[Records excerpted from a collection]

▼

(* Let $\Xi$ be a system. If $\Xi$ has a patchwork solution, then $\Xi$ is solvable.
   Context: A system $\Xi$ is a bipartite graph (undirected, simple) whose vertices are coloured "pairs" and "triples", together with a set of links $\lambda=(\tau,S)$, where $\tau$ is a triple (the tip) and $S$ is a set of pairs adjacent to $\tau$ (the base vertices; the edges $\{\tau,\pi\}$, $\pi\in S$, are the legs of $\lambda$), and a weight $\mu_\lambda\in\mathbb C^\times$ for each link. The support of $\lambda$ is the subgraph with vertices $S\cup\{\tau\}$ and edges $\{\tau,\pi\}$, $\pi\in S$. A subsystem is a subgraph together with a subset of the links whose support lies in the subgraph (same weights); it is full if it contains all edges of $\Xi$ between its vertices and all links of $\Xi$ supported in it. An edge $\{\tau,\pi\}$ is simply linked if $(\tau,\{\pi\})$ is a link and the edge is a leg of no other link. A solution of a system is an orientation of all its edges such that (S1) every triple has exactly one edge oriented away from it, and that edge is simply linked; (S2) every pair has at most one edge oriented towards it; (S3) there is no oriented cycle. A system is solvable if it has a solution. A patch of $\Xi$ is a full subsystem $\Xi'$ that contains the base vertices of every link of $\Xi$ having a leg in $\Xi'$. A patchwork for $\Xi$ is a family $\{\Xi_k\}_{k\in I}$ of patches indexed by a partially ordered set $I$ such that (P1) every vertex of $\Xi$ lies in some $\Xi_k$; (P2) for $k\ne l$, $\Xi_k$ and $\Xi_l$ have no triple in common; (P3) if $\tau$ is a triple in $\Xi_l$ and $\{\tau,\pi\}$ is an edge of $\Xi$, then $\pi$ is a pair of $\Xi_k$ for some $k\le l$. A patchwork solution is a patchwork together with a solution of each patch $\Xi_k$ such that (PS) if $\pi$ is a pair in $\Xi_k\cap\Xi_l$ and some edge $\{\tau,\pi\}$ of $\Xi_k$ is oriented towards $\pi$, then $k\le l$. *)

theory Defs
  imports Complex_Main
begin

text \<open>An (undirected) edge between a triple t and a
pair p is represented canonically by the ordered tuple (t, p), triple first.
A link is a tuple (tip, set of base vertices).\<close>

record 'v system =
  pairs   :: "'v set"
  triples :: "'v set"
  edges   :: "('v \<times> 'v) set"
  links   :: "('v \<times> 'v set) set"
  weight  :: "('v \<times> 'v set) \<Rightarrow> complex"

definition wf_system :: "'v system \<Rightarrow> bool" where
  "wf_system X \<longleftrightarrow>
     pairs X \<inter> triples X = {} \<and>
     finite (pairs X \<union> triples X) \<and>
     edges X \<subseteq> triples X \<times> pairs X \<and>
     (\<forall>(t, S) \<in> links X. t \<in> triples X \<and> (\<forall>p\<in>S. (t, p) \<in> edges X)) \<and>
     (\<forall>l \<in> links X. weight X l \<noteq> 0)"

definition legs :: "'v \<times> 'v set \<Rightarrow> ('v \<times> 'v) set" where
  "legs l = {(fst l, p) | p. p \<in> snd l}"

definition simply_linked :: "'v system \<Rightarrow> 'v \<times> 'v \<Rightarrow> bool" where
  "simply_linked X e \<longleftrightarrow>
     (fst e, {snd e}) \<in> links X \<and>
     (\<forall>l \<in> links X. e \<in> legs l \<longrightarrow> l = (fst e, {snd e}))"

text \<open>An orientation of the edges is given by the set D of edges oriented away from
their triple (i.e. from t towards p); all other edges are oriented from p to t.\<close>
definition orient_rel :: "'v system \<Rightarrow> ('v \<times> 'v) set \<Rightarrow> ('v \<times> 'v) set" where
  "orient_rel X D = D \<union> {(p, t) | t p. (t, p) \<in> edges X - D}"

definition solution :: "'v system \<Rightarrow> ('v \<times> 'v) set \<Rightarrow> bool" where
  "solution X D \<longleftrightarrow>
     D \<subseteq> edges X \<and>
     (\<forall>t \<in> triples X. \<exists>!p. (t, p) \<in> D) \<and>
     (\<forall>e \<in> D. simply_linked X e) \<and>
     (\<forall>p \<in> pairs X. \<forall>t1 t2. (t1, p) \<in> D \<longrightarrow> (t2, p) \<in> D \<longrightarrow> t1 = t2) \<and>
     acyclic (orient_rel X D)"

definition solvable :: "'v system \<Rightarrow> bool" where
  "solvable X \<longleftrightarrow> (\<exists>D. solution X D)"

definition supported_in :: "'v system \<Rightarrow> 'v \<times> 'v set \<Rightarrow> bool" where
  "supported_in Y l \<longleftrightarrow> fst l \<in> triples Y \<and> snd l \<subseteq> pairs Y \<and> legs l \<subseteq> edges Y"

definition subsystem :: "'v system \<Rightarrow> 'v system \<Rightarrow> bool" where
  "subsystem Y X \<longleftrightarrow>
     pairs Y \<subseteq> pairs X \<and> triples Y \<subseteq> triples X \<and>
     edges Y \<subseteq> edges X \<and> edges Y \<subseteq> triples Y \<times> pairs Y \<and>
     links Y \<subseteq> links X \<and> (\<forall>l \<in> links Y. supported_in Y l) \<and>
     (\<forall>l \<in> links Y. weight Y l = weight X l)"

definition full_subsystem :: "'v system \<Rightarrow> 'v system \<Rightarrow> bool" where
  "full_subsystem Y X \<longleftrightarrow>
     subsystem Y X \<and>
     edges Y = edges X \<inter> (triples Y \<times> pairs Y) \<and>
     links Y = {l \<in> links X. supported_in Y l}"

definition patch :: "'v system \<Rightarrow> 'v system \<Rightarrow> bool" where
  "patch X Y \<longleftrightarrow>
     full_subsystem Y X \<and>
     (\<forall>l \<in> links X. legs l \<inter> edges Y \<noteq> {} \<longrightarrow> snd l \<subseteq> pairs Y)"

definition patchwork :: "'v system \<Rightarrow> 'i::order set \<Rightarrow> ('i \<Rightarrow> 'v system) \<Rightarrow> bool" where
  "patchwork X I \<Xi> \<longleftrightarrow>
     (\<forall>k \<in> I. patch X (\<Xi> k)) \<and>
     (pairs X \<union> triples X \<subseteq> (\<Union>k \<in> I. pairs (\<Xi> k) \<union> triples (\<Xi> k))) \<and>
     (\<forall>k \<in> I. \<forall>l \<in> I. k \<noteq> l \<longrightarrow> triples (\<Xi> k) \<inter> triples (\<Xi> l) = {}) \<and>
     (\<forall>l \<in> I. \<forall>t \<in> triples (\<Xi> l). \<forall>p. (t, p) \<in> edges X \<longrightarrow>
        (\<exists>k \<in> I. k \<le> l \<and> p \<in> pairs (\<Xi> k)))"

definition patchwork_solution ::
  "'v system \<Rightarrow> 'i::order set \<Rightarrow> ('i \<Rightarrow> 'v system) \<Rightarrow> ('i \<Rightarrow> ('v \<times> 'v) set) \<Rightarrow> bool" where
  "patchwork_solution X I \<Xi> D \<longleftrightarrow>
     patchwork X I \<Xi> \<and>
     (\<forall>k \<in> I. solution (\<Xi> k) (D k)) \<and>
     (\<forall>k \<in> I. \<forall>l \<in> I. \<forall>p \<in> pairs (\<Xi> k) \<inter> pairs (\<Xi> l).
        (\<exists>t. (t, p) \<in> edges (\<Xi> k) \<and> (t, p) \<in> D k) \<longrightarrow> k \<le> l)"

end

theory Submission
  imports Defs
begin

text \<open>The union of the orientations of the patches is a solution of the system. (S1) is local:
every triple lies in exactly one patch, and since a patch is full and contains the base of every
link touching it, an edge simply linked in a patch is simply linked in the system. For (S2), edges
oriented towards the same pair in patches \<open>k\<close> and \<open>l\<close> give \<open>k \<le> l\<close> and \<open>l \<le> k\<close> by (PS).
For (S3), give every triple the index of its patch and every pair the index of the patch whose
orientation points into it; by (P3) and (PS) this level never decreases along an oriented edge,
so an oriented cycle stays within one patch and contradicts the acyclicity of its solution.\<close>

lemma acyclic_if_level_mono:
  fixes level :: "'a \<Rightarrow> 'i::order"
  assumes range: "Range R \<subseteq> A"
    and mono: "\<And>a b. (a, b) \<in> R \<Longrightarrow> a \<in> A \<Longrightarrow> level a \<le> level b"
    and flat: "\<And>a b. (a, b) \<in> R \<Longrightarrow> a \<in> A \<Longrightarrow> level a = level b \<Longrightarrow> (a, b) \<in> S (level a)"
    and acyclic_S: "\<And>a. a \<in> A \<Longrightarrow> acyclic (S (level a))"
  shows "acyclic R"
  unfolding acyclic_def
proof (intro allI notI)
  fix x assume cycle: "(x, x) \<in> R\<^sup>+"
  have reach: "b \<in> A \<and> level a \<le> level b" if "(a, b) \<in> R\<^sup>*" "a \<in> A" for a b
    using that(1)
  proof (induction rule: rtrancl_induct)
    case base
    then show ?case using that(2) by simp
  next
    case (step y z)
    then have "z \<in> A" "level y \<le> level z"
      using range mono[of y z] by blast+
    with step.IH show ?case by (blast intro: order_trans)
  qed
  have "x \<in> A"
    using cycle range by (metis Range.intros subsetD tranclE)
  have on_cycle: "v \<in> A \<and> level v = level x" if "(x, v) \<in> R\<^sup>*" "(v, x) \<in> R\<^sup>*" for v
    using reach[OF that(1) \<open>x \<in> A\<close>] reach[OF that(2)] by (blast intro: order_antisym)
  have "(x, v) \<in> (S (level x))\<^sup>+" if "(x, v) \<in> R\<^sup>+" "(v, x) \<in> R\<^sup>*" for v
    using that
  proof (induction rule: trancl_induct)
    case (base v)
    then have "level x = level v"
      using on_cycle[OF r_into_rtrancl] by simp
    then show ?case
      using flat[OF base(1) \<open>x \<in> A\<close>] by blast
  next
    case (step y z)
    have "(y, x) \<in> R\<^sup>*"
      using step(2,4) by (rule converse_rtrancl_into_rtrancl)
    then have "y \<in> A" "level y = level x" "level z = level x"
      using on_cycle step(1,2,4) by (blast intro: trancl_into_rtrancl rtrancl_into_rtrancl)+
    then have "(y, z) \<in> S (level x)"
      using flat[OF step(2)] by simp
    then show ?case using step.IH \<open>(y, x) \<in> R\<^sup>*\<close> by (blast intro: trancl_into_trancl)
  qed
  with cycle have "(x, x) \<in> (S (level x))\<^sup>+" by blast
  with acyclic_S[OF \<open>x \<in> A\<close>] show False unfolding acyclic_def by blast
qed

lemma wf_system_edgeD:
  assumes "wf_system X" "(t, p) \<in> edges X"
  shows "t \<in> triples X" "p \<in> pairs X" "t \<notin> pairs X" "p \<notin> triples X"
  using assms unfolding wf_system_def by auto

lemma wf_system_legs_subset:
  assumes "wf_system X" "l \<in> links X"
  shows "legs l \<subseteq> edges X"
  using assms unfolding wf_system_def legs_def by auto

▲

Copy only this part of the entries above: the line with "(\<forall>e \<in> D.", the line with "pairs Y \<subseteq>", and the lines between, all exactly as written.

■ Answer for this exercise:
     (\<forall>e \<in> D. simply_linked X e) \<and>
     (\<forall>p \<in> pairs X. \<forall>t1 t2. (t1, p) \<in> D \<longrightarrow> (t2, p) \<in> D \<longrightarrow> t1 = t2) \<and>
     acyclic (orient_rel X D)"

definition solvable :: "'v system \<Rightarrow> bool" where
  "solvable X \<longleftrightarrow> (\<exists>D. solution X D)"

definition supported_in :: "'v system \<Rightarrow> 'v \<times> 'v set \<Rightarrow> bool" where
  "supported_in Y l \<longleftrightarrow> fst l \<in> triples Y \<and> snd l \<subseteq> pairs Y \<and> legs l \<subseteq> edges Y"

definition subsystem :: "'v system \<Rightarrow> 'v system \<Rightarrow> bool" where
  "subsystem Y X \<longleftrightarrow>
     pairs Y \<subseteq> pairs X \<and> triples Y \<subseteq> triples X \<and>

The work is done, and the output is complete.